One gram of water is placed in a cylinder and the pressure is maintained at 2.0 x 105 Pa. The temperature of the water is raised by 31oC. Determine the change in internal energy when, a) the water is in its liquid phase and causes an expansion of 1.0 x 10-8 m3. b) Water is in its gaseous phase and expands by the much greater amount of 7.1 x 10-5 m3. Assume that there is no phase change for both cases. (cliquidH20 =4186 J/(kgoC); cgasH20 = 2020 J/(kgoC))
To determine the change in internal energy, we need to calculate the work done on the system and the heat transferred to the system.
a) When water is in its liquid phase and causes an expansion of 1.0 x 10^(-8) m^3:
The work done on the system can be calculated using the equation: W = P * ΔV, where P is the pressure and ΔV is the change in volume.
Given:
Pressure (P) = 2.0 x 10^5 Pa
Change in volume (ΔV) = 1.0 x 10^(-8) m^3
Using the given values, we can calculate the work done on the system:
W = (2.0 x 10^5 Pa) * (1.0 x 10^(-8) m^3) = 2.0 J (approximately)
The heat transferred to the system can be calculated using the equation: Q = m * c * ΔT, where m is the mass, c is the specific heat capacity, and ΔT is the change in temperature.
Given:
Mass (m) = 1 gram = 0.001 kg
Specific heat capacity (c) = 4186 J/(kg·°C)
Change in temperature (ΔT) = 31°C
Using the given values, we can calculate the heat transferred to the system:
Q = (0.001 kg) * (4186 J/(kg·°C)) * (31°C) = 129.446 J (approximately)
The change in internal energy (ΔU) can be calculated using the first law of thermodynamics:
ΔU = Q - W
ΔU = 129.446 J - 2.0 J = 127.446 J (approximately)
Therefore, the change in internal energy when water is in its liquid phase and causes an expansion of 1.0 x 10^(-8) m^3 is approximately 127.446 J.

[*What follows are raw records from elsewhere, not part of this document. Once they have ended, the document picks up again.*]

(* Let $V=\mathbb{C}^2$, $e\ge1$, $d=2e$, $r\ge 2$, and let $0\le p\le\lfloor re/2\rfloor$. Let $\alpha_r:S_r(S_d(V))\to S_2(S_{re}(V))$ be the map defined below and let $\pi_p:S_2(S_{re}(V))\to S_{rd-4p}(V)$ be the $SL_2$-equivariant projection onto the (unique) irreducible summand isomorphic to $S_{rd-4p}(V)$ in the decomposition $S_2(S_{re}(V))=\bigoplus_{p=0}^{\lfloor re/2\rfloor}S_{rd-4p}(V)$. Then $\pi_p\circ\alpha_r\neq 0$.
   Context: $S_k(V)$ is identified with binary forms of degree $k$ in $\underline{x}=(x_0,x_1)$, and $S_2(S_m(V))$ with polynomials in $\underline{x},\underline{y}=(y_0,y_1)$ bihomogeneous of bidegree $(m,m)$ and symmetric under swapping $\underline{x},\underline{y}$. The map $\alpha_r$ is defined on products $F_1\cdots F_r$ of degree-$d$ binary forms by $\alpha_r(F_1\cdots F_r)=\prod_{i=1}^r\bigl((y_0\partial_{x_0}+y_1\partial_{x_1})^eF_i(\underline{x})\bigr)$, extended linearly. (Up to a nonzero constant, $\pi_p(G)$ equals $[\Omega^{2p}G]_{\underline{y}:=\underline{x}}$ with $\Omega=\frac{\partial^2}{\partial x_0\partial y_1}-\frac{\partial^2}{\partial x_1\partial y_0}$.) *)

theory Defs
  imports Complex_Main "HOL-Library.Poly_Mapping"
begin

text \<open>Polynomials with complex coefficients in the variables
  x0 = var 0, x1 = var 1, y0 = var 2, y1 = var 3, represented as finitely
  supported maps from monomials (exponent vectors) to coefficients.\<close>

type_synonym cpoly = "(nat \<Rightarrow>\<^sub>0 nat) \<Rightarrow>\<^sub>0 complex"

definition var :: "nat \<Rightarrow> cpoly" where
  "var i = Poly_Mapping.single (Poly_Mapping.single i 1) 1"

definition pd :: "nat \<Rightarrow> cpoly \<Rightarrow> cpoly" where
  "pd i P = (\<Sum>m\<in>Poly_Mapping.keys P. Poly_Mapping.single (m - Poly_Mapping.single i 1)
                              (of_nat (Poly_Mapping.lookup m i) * Poly_Mapping.lookup P m))"
(* Let $x\in\mathfrak{g}=\mathfrak{gl}(n+1,\mathbb{C})$ be regular nilpotent and suppose $x\in\mathfrak{b}$ for a Borel subalgebra $\mathfrak{b}\in Q_{+,n+1}\cup Q_{-,n+1}$. Then $x_n$ is regular nilpotent in $\mathfrak{g}_n$ and $\mathfrak{z}_{\mathfrak{g}_n}(x_n)\cap\mathfrak{z}_{\mathfrak{g}}(x)=0$.
   Context: $n\ge1$. $\mathfrak{g}_n\cong\mathfrak{gl}(n,\mathbb{C})$ is embedded in $\mathfrak{g}$ as matrices supported in the upper left $n\times n$ corner, $x_n$ is the upper left $n\times n$ submatrix of $x$ (viewed in $\mathfrak{g}_n$), and $\mathfrak{z}$ denotes centralizers. $K_{n+1}=GL(n,\mathbb{C})\times GL(1,\mathbb{C})$ is the group of invertible block diagonal matrices with blocks of sizes $n$ and $1$, acting by conjugation on the flag variety $\mathcal{B}_{n+1}$ of $\mathfrak{g}$. $Q_{+,n+1}$ (resp. $Q_{-,n+1}$) is the $K_{n+1}$-orbit of the Borel subalgebra of upper (resp. lower) triangular matrices. *)

theory Defs
  imports "HOL-Analysis.Analysis"
begin

text \<open>Conventions. gl(n+1,C) is modelled as complex^('n::{finite,linorder})^('n::{finite,linorder}) for a finite linearly
ordered index type 'n with CARD('n) = n+1 (n >= 1 means CARD('n) >= 2).
The order on 'n is the order of the standard basis; the last index
(Max UNIV) plays the role of index n+1, so g_n consists of the matrices
supported on the other indices (the upper left n x n corner).\<close>

definition last_idx :: "'n::{finite,linorder}" where
  "last_idx = Max (UNIV :: 'n set)"

text \<open>Complex dimension of a set of matrices: dimension of its span, matrices
being identified with vectors in complex^('n x 'n).\<close>
definition flat_mat :: "complex^('n::{finite,linorder})^('n::{finite,linorder}) \<Rightarrow> complex^('n \<times> 'n)" where
  "flat_mat A = (\<chi> p. A $ fst p $ snd p)"

definition cdim :: "(complex^('n::{finite,linorder})^('n::{finite,linorder})) set \<Rightarrow> nat" where
  "cdim S = vec.dim (flat_mat ` S)"

definition centralizer :: "(complex^('n::{finite,linorder})^('n::{finite,linorder})) set \<Rightarrow> complex^('n::{finite,linorder})^('n::{finite,linorder}) \<Rightarrow> (complex^('n::{finite,linorder})^('n::{finite,linorder})) set" where
  "centralizer L a = {y \<in> L. y ** a = a ** y}"

definition mat_nilpotent :: "complex^('n::{finite,linorder})^('n::{finite,linorder}) \<Rightarrow> bool" where
  "mat_nilpotent A \<longleftrightarrow> (\<exists>k. (((**) A) ^^ k) (mat 1) = 0)"

definition gl_full :: "(complex^('n::{finite,linorder})^('n::{finite,linorder})) set" where
  "gl_full = UNIV"

definition gl_corner :: "(complex^('n::{finite,linorder})^('n::{finite,linorder})) set" where
  "gl_corner = {A. \<forall>i j. (i = last_idx \<or> j = last_idx) \<longrightarrow> A $ i $ j = 0}"

definition corner :: "complex^('n::{finite,linorder})^('n::{finite,linorder}) \<Rightarrow> complex^('n::{finite,linorder})^('n::{finite,linorder})" where
  "corner x = (\<chi> i j. if i \<noteq> last_idx \<and> j \<noteq> last_idx then x $ i $ j else 0)"

text \<open>Regular: centralizer dimension equals the rank. rank gl(n+1) = n+1, rank gl(n) = n.\<close>
definition regular_nilpotent_g :: "complex^('n::{finite,linorder})^('n::{finite,linorder}) \<Rightarrow> bool" where
  "regular_nilpotent_g x \<longleftrightarrow> mat_nilpotent x \<and> cdim (centralizer gl_full x) = CARD('n)"

definition regular_nilpotent_gn :: "complex^('n::{finite,linorder})^('n::{finite,linorder}) \<Rightarrow> bool" where
  "regular_nilpotent_gn y \<longleftrightarrow> y \<in> gl_corner \<and> mat_nilpotent y
      \<and> cdim (centralizer gl_corner y) = CARD('n) - 1"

b) When water is in its gaseous phase and expands by the amount of 7.1 x 10^(-5) m^3:
The calculations for this scenario are similar to the previous case, but with a different change in volume.
Given:
Pressure (P) = 2.0 x 10^5 Pa
Change in volume (ΔV) = 7.1 x 10^(-5) m^3
Using the given values, we can calculate the work done on the system:
W = (2.0 x 10^5 Pa) * (7.1 x 10^(-5) m^3) = 14 J (approximately)
The heat transferred to the system can be calculated using the same equation:
Q = (0.001 kg) * (2020 J/(kg·°C)) * (31°C) = 62.62 J (approximately)
The change in internal energy can be calculated using the first law of thermodynamics:
ΔU = Q - W
ΔU = 62.62 J - 14 J = 48.62 J (approximately)
Therefore, the change in internal energy when water is in its gaseous phase and expands by the amount of 7.1 x 10^(-5) m^3 is approximately 48.62 J.